On July 22, 2015, the California Supreme Court asked the California Labor Commissioner’s Office for guidance on how to interpret the sections of the Industrial Welfare Commission Orders (“Wage Orders”) requiring employers to provide all working employees with suitable seats when the nature of the work reasonably permits the use of seats. The Court requested that the Labor Commissioner provide guidance on how to interpret the phrases, “suitable seats,” “nature of the work,” and “reasonably permits.”
The reason employers need to know the meaning of these phrases is because of the substantial penalties that can result from failing to comply. The Private Attorney Generals Act of 2004 (“PAGA”) allows employees to sue their employers on behalf of themselves and other aggrieved employees for violations of labor laws. A prevailing employee in a PAGA action can recover civil penalties for an employer’s failure to provide suitable seating in the amount of $100 for each aggrieved employee per pay period for the initial violation, and $200 for each employee per pay period for subsequent violations. These penalties are in addition to statutory penalties brought by the employee based on the same violations.
Uncertainty in the Law
The primary question before the Court is whether “nature of the work” refers to individual duties and tasks that an employee performs throughout the day, or if it is a holistic phrase relating to the entire range of an employee’s duties. The second major question is whether, in determining if the “nature of the work reasonably permits the use of seats,” courts should consider the employer’s business judgment as to whether the employee should stand, the physical layout of the workplace, and the physical characteristics of the employee.
There is currently significant uncertainty surrounding these inquiries. In fact, the California Supreme Court isn’t the first to punt on this issue—these questions first arose during two separate cases that were on appeal in the Ninth Circuit Court of Appeals in the federal court system. However, the Ninth Circuit was unable to provide answers and requested that the California Supreme Court provide its opinion. The California Supreme Court, in turn, formally requested that the California Labor Commissioner provide input on these issues. Therefore, the California Supreme Court’s ruling will be groundbreaking in regards to this requirement.
Takeaway for Employers
The questions currently before the Court pertain to Wage Orders 4 for Professional and Technical occupations, and 7 for Mercantile Industry occupations. However, the suitable seating requirement is present in one form or another in Wage Orders 1-16, excluding only Wage Order 17 for miscellaneous employees to which no industry has yet been assigned. The Court’s decision on the suitable seating requirement will likely be binding on employers operating under Wage Orders 1-16. Suitable seats must be provided in nearly all industries and professions. Many employers are not aware of this requirement, and such unawareness can be costly depending upon the decision ultimately issued by the California Supreme Court. Worse, many industries have traditionally required employees to stand when performing work duties and have given no meaningful consideration as to whether or not some form of seating can be safely provided. That is likely to change and prudent employers will stay ahead of the curve and immediately evaluate their options for seating in the workplace.

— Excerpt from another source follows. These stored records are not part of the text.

(* Let $\mathcal{U}$ be a subspace of $\mathbb{R}^n$. The following are equivalent: (1) $\mathcal{U}$ is recoverable by MTFA; (2) $\mathcal{U}$ is realizable; (3) $\mathcal{U}^\perp$ has the ellipsoid fitting property.
   Context: Minimum trace factor analysis (MTFA) with input a symmetric $n\times n$ matrix $X$ is the semidefinite program: minimize $\operatorname{tr}(L)$ over pairs $(D,L)$ of $n\times n$ symmetric matrices subject to $X=D+L$, $L$ positive semidefinite, $D$ diagonal. A subspace $\mathcal{U}\subseteq\mathbb{R}^n$ is recoverable by MTFA if for every diagonal $D^\star$ and every positive semidefinite $L^\star$ with column space equal to $\mathcal{U}$, the pair $(D^\star,L^\star)$ is the unique optimal solution of MTFA with input $X=D^\star+L^\star$. A correlation matrix is a positive semidefinite matrix with all diagonal entries equal to $1$. A subspace $\mathcal{U}\subseteq\mathbb{R}^n$ is realizable if there is an $n\times n$ correlation matrix $Q$ whose nullspace contains $\mathcal{U}$. A centered ellipsoid in $\mathbb{R}^k$ is described by a symmetric positive semidefinite $k\times k$ matrix $M$, and it passes through $v\in\mathbb{R}^k$ if $v^TMv=1$. A subspace $\mathcal{V}\subseteq\mathbb{R}^n$ has the ellipsoid fitting property if there is a $k\times n$ matrix $V$ (for some $k$) with row space $\mathcal{V}$ and a centered ellipsoid in $\mathbb{R}^k$ passing through every column of $V$. *)

theory Defs
  imports "HOL-Analysis.Analysis"
begin

definition symmetric_mat :: "real^'n^'n \<Rightarrow> bool" where
  "symmetric_mat A \<longleftrightarrow> transpose A = A"

definition psd :: "real^'n^'n \<Rightarrow> bool" where
  "psd A \<longleftrightarrow> symmetric_mat A \<and> (\<forall>x. 0 \<le> x \<bullet> (A *v x))"

definition diagonal_mat :: "real^'n^'n \<Rightarrow> bool" where
  "diagonal_mat D \<longleftrightarrow> (\<forall>i j. i \<noteq> j \<longrightarrow> D $ i $ j = 0)"

definition col_space :: "real^'n^'n \<Rightarrow> (real^'n) set" where
  "col_space A = range (\<lambda>x. A *v x)"

definition null_space :: "real^'n^'n \<Rightarrow> (real^'n) set" where
  "null_space A = {x. A *v x = 0}"

definition mtfa_feasible :: "real^'n^'n \<Rightarrow> real^'n^'n \<Rightarrow> real^'n^'n \<Rightarrow> bool" where
  "mtfa_feasible X D L \<longleftrightarrow> symmetric_mat D \<and> symmetric_mat L \<and>
     X = D + L \<and> psd L \<and> diagonal_mat D"

definition mtfa_unique_opt :: "real^'n^'n \<Rightarrow> real^'n^'n \<Rightarrow> real^'n^'n \<Rightarrow> bool" where
  "mtfa_unique_opt X D L \<longleftrightarrow> mtfa_feasible X D L \<and>
     (\<forall>D' L'. mtfa_feasible X D' L' \<longrightarrow> trace L \<le> trace L') \<and>
     (\<forall>D' L'. mtfa_feasible X D' L' \<and> trace L' = trace L \<longrightarrow> D' = D \<and> L' = L)"

definition recoverable :: "(real^'n) set \<Rightarrow> bool" where
  "recoverable U \<longleftrightarrow> (\<forall>D L. diagonal_mat D \<and> psd L \<and> col_space L = U \<longrightarrow>
      mtfa_unique_opt (D + L) D L)"

definition correlation_mat :: "real^'n^'n \<Rightarrow> bool" where
  "correlation_mat Q \<longleftrightarrow> psd Q \<and> (\<forall>i. Q $ i $ i = 1)"

definition realizable :: "(real^'n) set \<Rightarrow> bool" where
  "realizable U \<longleftrightarrow> (\<exists>Q. correlation_mat Q \<and> U \<subseteq> null_space Q)"

(* A k x k matrix (k arbitrary) is represented as M :: nat => nat => real on indices < k. *)
definition psd_k :: "nat \<Rightarrow> (nat \<Rightarrow> nat \<Rightarrow> real) \<Rightarrow> bool" where
  "psd_k k M \<longleftrightarrow> (\<forall>i<k. \<forall>j<k. M i j = M j i) \<and>
     (\<forall>x::nat \<Rightarrow> real. 0 \<le> (\<Sum>i<k. \<Sum>j<k. x i * M i j * x j))"

(* A k x n matrix V is represented by the list of its k rows (vectors in R^n);
   column j of V is the vector (rows ! i $ j)_{i<k} in R^k.
   The centered ellipsoid given by M passes through v iff v^T M v = 1. *)
definition ellipsoid_fitting :: "(real^'n) set \<Rightarrow> bool" where
  "ellipsoid_fitting W \<longleftrightarrow> (\<exists>(rows :: (real^'n) list) M.
     span (set rows) = W \<and> psd_k (length rows) M \<and>
     (\<forall>j. (\<Sum>i<length rows. \<Sum>l<length rows.
              (rows ! i) $ j * M i l * (rows ! l) $ j) = 1))"

end

theory Submission
  imports Defs
begin

text \<open>
  A correlation matrix Q whose null space contains U is a dual certificate for MTFA: if
  D + L = D' + L' with D' diagonal and L' psd, then E = D - D' is diagonal, and since Q has unit
  diagonal and Q L = 0 we get trace L' - trace L = trace E = trace (L' Q) >= 0, with equality only
  if L' Q = 0, which forces E = 0.

  Conversely, if U is not realizable then (1/n, ..., 1/n) lies outside the compact convex hull of
  the vectors (w_1^2, ..., w_n^2) with w a unit vector of the orthogonal complement of U.
  A separating hyperplane yields weights d with negative sum whose diagonal quadratic form is
  positive definite on that complement. Adding a small multiple of diag d to the orthogonal
  projection P onto U keeps it psd and lowers its trace, so (0, P) is not the optimum.

  Finally, if the rows of V form an orthonormal basis of the complement of U, then Q |-> V Q V^T
  and M |-> V^T M V translate between correlation matrices vanishing on U and centred ellipsoids
  through the columns of V: the diagonal entries of V^T M V are the ellipsoid equations.
\<close>

lemma symmetric_mat_iff: "symmetric_mat A \<longleftrightarrow> (\<forall>i j. A$i$j = A$j$i)"
  by (auto simp: symmetric_mat_def transpose_def vec_eq_iff)

lemma symmetric_mat_inner_commute:
  assumes "symmetric_mat A"
  shows "x \<bullet> (A *v y) = y \<bullet> (A *v x)"
  by (metis assms dot_lmul_matrix inner_commute symmetric_mat_def vector_transpose_matrix)

lemma matrix_vector_mult_axis_component: "(A *v axis k 1) $ i = A$i$k"
  by (simp add: matrix_vector_mult_def axis_def if_distrib cong: if_cong)

lemma sum_matrix_vector_mult: "(\<Sum>i\<in>I. A i) *v x = (\<Sum>i\<in>I. A i *v x)"
  by (simp add: matrix_vector_mult_def vec_eq_iff sum_distrib_right sum.swap[of _ I])

lemma matrix_vector_mult_sum: "A *v (\<Sum>l\<in>J. x l) = (\<Sum>l\<in>J. A *v x l)"
  by (simp add: matrix_vector_mult_def vec_eq_iff sum_distrib_left sum.swap[of _ J])

lemma inner_matrix_vector_mult_sums:
  fixes A :: "real^'n^'n"
  shows "(\<Sum>i\<in>I. y i *\<^sub>R v i) \<bullet> (A *v (\<Sum>l\<in>J. z l *\<^sub>R v l)) =
     (\<Sum>i\<in>I. \<Sum>l\<in>J. y i * (v i \<bullet> (A *v v l)) * z l)"
  by (simp add: matrix_vector_mult_sum matrix_vector_mult_scaleR inner_sum_left inner_sum_right
      sum_distrib_left mult_ac) (rule sum.swap)

lemma matrix_add_rdistrib: "(A + B) ** C = A ** C + B ** C"
  by (simp add: matrix_matrix_mult_def vec_eq_iff distrib_right sum.distrib)

lemma matrix_mult_sum_right: "A ** (\<Sum>i\<in>I. B i) = (\<Sum>i\<in>I. A ** B i)"
  by (simp add: matrix_matrix_mult_def vec_eq_iff sum_distrib_left sum.swap[of _ I])

lemma trace_sum: "trace (\<Sum>i\<in>I. A i) = (\<Sum>i\<in>I. trace (A i))"
  by (simp add: trace_def sum.swap[of _ I])

section \<open>Positive semidefinite matrices\<close>

lemma psd_quadratic_nonneg: "psd A \<Longrightarrow> 0 \<le> x \<bullet> (A *v x)"
  by (simp add: psd_def)

lemma quadratic_form_add_scaled:
  assumes "symmetric_mat A"
  shows "(x + t *\<^sub>R y) \<bullet> (A *v (x + t *\<^sub>R y)) =
           x \<bullet> (A *v x) + 2 * t * (y \<bullet> (A *v x)) + t\<^sup>2 * (y \<bullet> (A *v y))"
  using symmetric_mat_inner_commute[OF assms, of x y]
  by (simp add: algebra_simps power2_eq_square)

lemma psd_cauchy_schwarz:
  assumes "psd A"
  shows "(y \<bullet> (A *v x))\<^sup>2 \<le> (x \<bullet> (A *v x)) * (y \<bullet> (A *v y))"
proof -
  define a b c where "a = x \<bullet> (A *v x)" and "b = y \<bullet> (A *v x)" and "c = y \<bullet> (A *v y)"
  have quad: "0 \<le> a + 2 * t * b + t\<^sup>2 * c" for t
    using psd_quadratic_nonneg[OF assms, of "x + t *\<^sub>R y"] assms
    by (simp add: quadratic_form_add_scaled psd_def a_def b_def c_def)
  have "c \<ge> 0"
    using assms by (simp add: c_def psd_def)
  show ?thesis
  proof (cases "c = 0")
    case True
    have "b = 0"
    proof (rule ccontr)
      assume "b \<noteq> 0"
      then show False
        using quad[of "- (a + 1) / (2 * b)"] True by (simp add: field_simps)
    qed
    then show ?thesis using True by (simp add: b_def c_def)
  next
    case False
    with \<open>c \<ge> 0\<close> have "c > 0" by simp
    have "0 \<le> a + 2 * (- b / c) * b + (- b / c)\<^sup>2 * c"
      by (rule quad)
    also have "\<dots> = (a * c - b\<^sup>2) / c"
      using \<open>c > 0\<close> by (simp add: field_simps power2_eq_square)
    finally show ?thesis
      using \<open>c > 0\<close> by (simp add: a_def b_def c_def zero_le_divide_iff mult.commute)
  qed
qed

lemma psd_mult_eq_0_if_quadratic_eq_0:
  assumes "psd A" "x \<bullet> (A *v x) = 0"
  shows "A *v x = 0"
proof -
  have "((A *v x) \<bullet> (A *v x))\<^sup>2 \<le> 0"
    using psd_cauchy_schwarz[OF assms(1), where y = "A *v x" and x = x] assms(2) by simp
  then show ?thesis by simp
qed

lemma quadratic_form_add_null:
  assumes "symmetric_mat Q" "Q *v u = 0"
  shows "(x + u) \<bullet> (Q *v (x + u)) = x \<bullet> (Q *v x)"
  using symmetric_mat_inner_commute[OF assms(1), of u x] assms(2)
  by (simp add: matrix_vector_right_distrib inner_add_left)

lemma psd_diagonal_nonneg: "psd A \<Longrightarrow> 0 \<le> A$k$k"
  using psd_quadratic_nonneg[of A "axis k 1"]
  by (simp add: inner_axis' matrix_vector_mult_axis_component)

lemma psd_row_col_eq_0_if_diagonal_eq_0:
  assumes "psd A" "A$k$k = 0"
  shows "A$i$k = 0" "A$k$i = 0"
proof -
  have "A *v axis k 1 = 0"
    using assms by (intro psd_mult_eq_0_if_quadratic_eq_0)
      (simp_all add: inner_axis' matrix_vector_mult_axis_component)
  then show "A$i$k = 0"
    by (metis matrix_vector_mult_axis_component zero_index)
  then show "A$k$i = 0"
    using assms(1) by (metis psd_def symmetric_mat_iff)
qed

lemma psd_pivot_bound:
  assumes "psd A"
  shows "((A *v x)$k)\<^sup>2 \<le> A$k$k * (x \<bullet> (A *v x))"
  using psd_cauchy_schwarz[OF assms, where y = "axis k 1" and x = x]
  by (simp add: inner_axis' matrix_vector_mult_axis_component mult.commute)

definition outer :: "real^'n \<Rightarrow> real^'n^'n" where
  "outer v = (\<chi> i j. v$i * v$j)"

lemma outer_mult_vec: "outer v *v x = (v \<bullet> x) *\<^sub>R v"
  by (simp add: outer_def matrix_vector_mult_def inner_vec_def vec_eq_iff sum_distrib_left mult_ac)

lemma quadratic_form_sum_outer:
  "x \<bullet> ((\<Sum>k\<in>I. c k *\<^sub>R outer (v k)) *v x) = (\<Sum>k\<in>I. c k * (v k \<bullet> x)\<^sup>2)"
  by (simp add: sum_matrix_vector_mult scaleR_matrix_vector_assoc[symmetric] outer_mult_vec
      inner_sum_right inner_commute power2_eq_square mult_ac)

While the exact requirements for suitable seats are unknown, employers can limit potential liability by providing basic seating to employees who are involved in clerical-type work where employees are working from a desk or work that requires them to remain in a fixed location for a large portion of their work (i.e. work at a machine). The test is whether the nature of the work reasonably permits the use of a seat, so employers should assess the job requirements in determining whether the employee is entitled to suitable seating. Even where employers are not required to provide individual seats, under most wage orders, there is still a requirement to provide an adequate number of seats in a reasonable proximity to the work area. Employers should also review their policies to ensure that they comply with these seating requirements.
It is recommended that if the employer is concerned about safety should seating be provided at a particular work station (e.g., trip hazard), the employer should have the situation evaluated by a qualified safety consultant before dismissing the option of providing seating.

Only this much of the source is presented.